She spoke of society’s disconnectedness, the loss of the art of community cohesion and what that’s doing to people.

Teen Challenge has been working in Tasmanian high schools for three years and the recent Not Even Once project reached more than 3000 students in eight days. Tanya said the focus was always on hope.

“The reality is that 90 per cent of secondary school students in Australia haven’t used illicit drugs,” she said.

Yet many only hear the almost fait accompli reports with their damning figures – like the 2013 NDHS finding that 42 per cent of the Australian population over the age of 14 had used illicit drugs of some form in their lifetime. Or they hear from their user/dealer friend that “everyone’s doing it.”

There’s great hope in delivering demand reduction programs and educating students that prevention and abstinence is a valid choice, rather than pedaling an ‘it’s-going-to-happen-anyway’ hopelessness through programs that give tips on safe drug use, educating on the types of drugs that have less side effects and long term impact. Yep, that really happens. In our high schools.

Teen Challenge is unashamedly Christian and Tanya says the stories of life-change after drug addiction are nothing short of miraculous.

“God will reach in. He loves us too much to leave us like that,” she says.

Perhaps there’s an ulterior motive in this mission to get people off drugs and along to those “funny meetings” on a Sunday, trading substance addiction for Jesus addiction.

But what about the funny meetings in kids’ bedrooms, parks, carparks and in dark alleyways, the ones that see sex exchanged for drugs? And the funny meetings that tear families apart and fill emergency beds?

“All the positives we desire in society are delivered in those little Sunday meetings.”

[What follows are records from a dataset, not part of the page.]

lemma diff_le_integral_of_max_steps:
  fixes A \<phi> :: "real \<Rightarrow> real"
  assumes cont: "continuous_on {v..u} \<phi>" and "v \<le> u"
    and step: "\<And>s t. v \<le> s \<Longrightarrow> s < t \<Longrightarrow> t \<le> u \<Longrightarrow> A s - A t \<le> (t - s) * max (\<phi> s) (\<phi> t)"
  shows "A v - A u \<le> integral {v..u} \<phi>"
proof (rule field_le_epsilon)
  fix \<epsilon> :: real assume "\<epsilon> > 0"
  define e where "e = \<epsilon> / (u - v + 1)"
  have "e > 0" using \<open>\<epsilon> > 0\<close> \<open>v \<le> u\<close> by (simp add: e_def)
  have int: "\<phi> integrable_on {a..b}" if "v \<le> a" "b \<le> u" for a b
    by (rule integrable_continuous_interval, rule continuous_on_subset[OF cont]) (use that in auto)
  obtain \<delta> where "\<delta> > 0"
    and uc: "\<forall>a\<in>{v..u}. \<forall>b\<in>{v..u}. dist b a < \<delta> \<longrightarrow> dist (\<phi> b) (\<phi> a) < e"
    using compact_uniformly_continuous[OF cont compact_Icc] \<open>e > 0\<close>
    unfolding uniformly_continuous_on_def by metis
  define F where "F \<tau> = A \<tau> - integral {\<tau>..u} \<phi> + e * \<tau>" for \<tau>
  have "F v \<le> F u"
  proof (rule le_of_local_mono[OF \<open>\<delta> > 0\<close> \<open>v \<le> u\<close>])
    fix s t assume st: "v \<le> s" "s \<le> t" "t \<le> u" "t - s < \<delta>"
    show "F s \<le> F t"
    proof (cases "s = t")
      case False
      then have "s < t" using st by simp
      have "integral {s..t} (\<lambda>_. max (\<phi> s) (\<phi> t) - e) \<le> integral {s..t} \<phi>"
      proof (rule integral_le)
        fix \<tau> assume "\<tau> \<in> {s..t}"
        then have "dist (\<phi> \<tau>) (\<phi> s) < e" "dist (\<phi> \<tau>) (\<phi> t) < e"
          using uc st by (auto simp: dist_real_def)
        then show "max (\<phi> s) (\<phi> t) - e \<le> \<phi> \<tau>" by (auto simp: dist_real_def)
      qed (use int st in auto)
      moreover have "integral {s..u} \<phi> = integral {s..t} \<phi> + integral {t..u} \<phi>"
        using Henstock_Kurzweil_Integration.integral_combine[OF st(2,3) int[OF st(1) order_refl]] by simp
      moreover have "A s - A t \<le> (t - s) * max (\<phi> s) (\<phi> t)" by (rule step) (use st \<open>s < t\<close> in auto)
      ultimately show ?thesis
        using \<open>s < t\<close> by (simp add: F_def algebra_simps)
    qed simp
  qed
  then have "A v - A u \<le> integral {v..u} \<phi> + e * (u - v)"
    by (simp add: F_def algebra_simps)
  also have "e * (u - v) \<le> \<epsilon>"
    using \<open>\<epsilon> > 0\<close> \<open>v \<le> u\<close> by (simp add: e_def field_simps)
  finally show "A v - A u \<le> integral {v..u} \<phi> + \<epsilon>" by simp
qed

lemma continuous_on_omega_quotient:
  assumes "continuous_on UNIV g" "0 \<notin> S"
  shows "continuous_on S (\<lambda>t. omega g x t / t\<^sup>2)"
proof -
  have "continuous_on S (\<lambda>t. g (x + t))" "continuous_on S (\<lambda>t. g (x - t))"
    by (auto intro!: continuous_on_compose2[OF assms(1)] continuous_intros)
  then show ?thesis
    using assms(2) unfolding omega_def by (auto intro!: continuous_intros)
qed

lemma cross_diff_quotient_le_integral:
  fixes x :: real
  assumes "separately_convex h" "continuous_on UNIV (\<lambda>t. h t t)" "0 < v" "v \<le> u"
  shows "cross_diff h x v / v - cross_diff h x u / u
    \<le> integral {v..u} (\<lambda>t. omega (\<lambda>t. h t t) x t / t\<^sup>2)"
proof (rule diff_le_integral_of_max_steps)
  show "continuous_on {v..u} (\<lambda>t. omega (\<lambda>t. h t t) x t / t\<^sup>2)"
    using assms(3) by (intro continuous_on_omega_quotient[OF assms(2)]) auto
qed (use assms cross_diff_quotient_step[OF assms(1)] in auto)

lemma ge_level_if_decreasing_below:
  fixes I :: "real \<Rightarrow> real"
  assumes "w \<le> b" "continuous_on {w..b} I" "m \<le> I b"
    and dec: "\<And>y. w \<le> y \<Longrightarrow> y < b \<Longrightarrow> I y < m \<Longrightarrow> \<exists>l<0. (I has_real_derivative l) (at y)"
  shows "m \<le> I w"
proof (rule ccontr)
  assume "\<not> m \<le> I w"
  obtain t0 where t0: "t0 \<in> {w..b}" and min: "\<And>y. y \<in> {w..b} \<Longrightarrow> I t0 \<le> I y"
    using continuous_attains_inf[OF compact_Icc _ assms(2)] assms(1) by auto
  have "I t0 < m" using min[of w] \<open>\<not> m \<le> I w\<close> assms(1) by auto
  then have "t0 < b" using t0 assms(3) by (cases "t0 = b") auto
  then obtain l where "l < 0" "(I has_real_derivative l) (at t0)"
    using dec t0 \<open>I t0 < m\<close> by auto
  then obtain d where "d > 0" and right: "\<And>h. h > 0 \<Longrightarrow> h < d \<Longrightarrow> I (t0 + h) < I t0"
    using DERIV_neg_dec_right by blast
  define \<delta> where "\<delta> = min d (b - t0) / 2"
  have "\<delta> > 0" "\<delta> < d" "t0 + \<delta> \<in> {w..b}"
    using \<open>d > 0\<close> \<open>t0 < b\<close> t0 by (auto simp: \<delta>_def min_def field_simps)
  then show False using right min by fastforce
qed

Resilience, respect, love – and hope.

The conversation ends.

And I feel a little bit strange because I’m realising that drug addiction is not just stupid kids doing stupid things. It’s people burrowing down into their pain because hope is lost.

“Now faith is confidence of what we hope for and assurance about what we do not see.” (Hebrews 11:1)

 


First published in The Examiner Newspaper for Keeping the Faith column on Monday February 15, 2016.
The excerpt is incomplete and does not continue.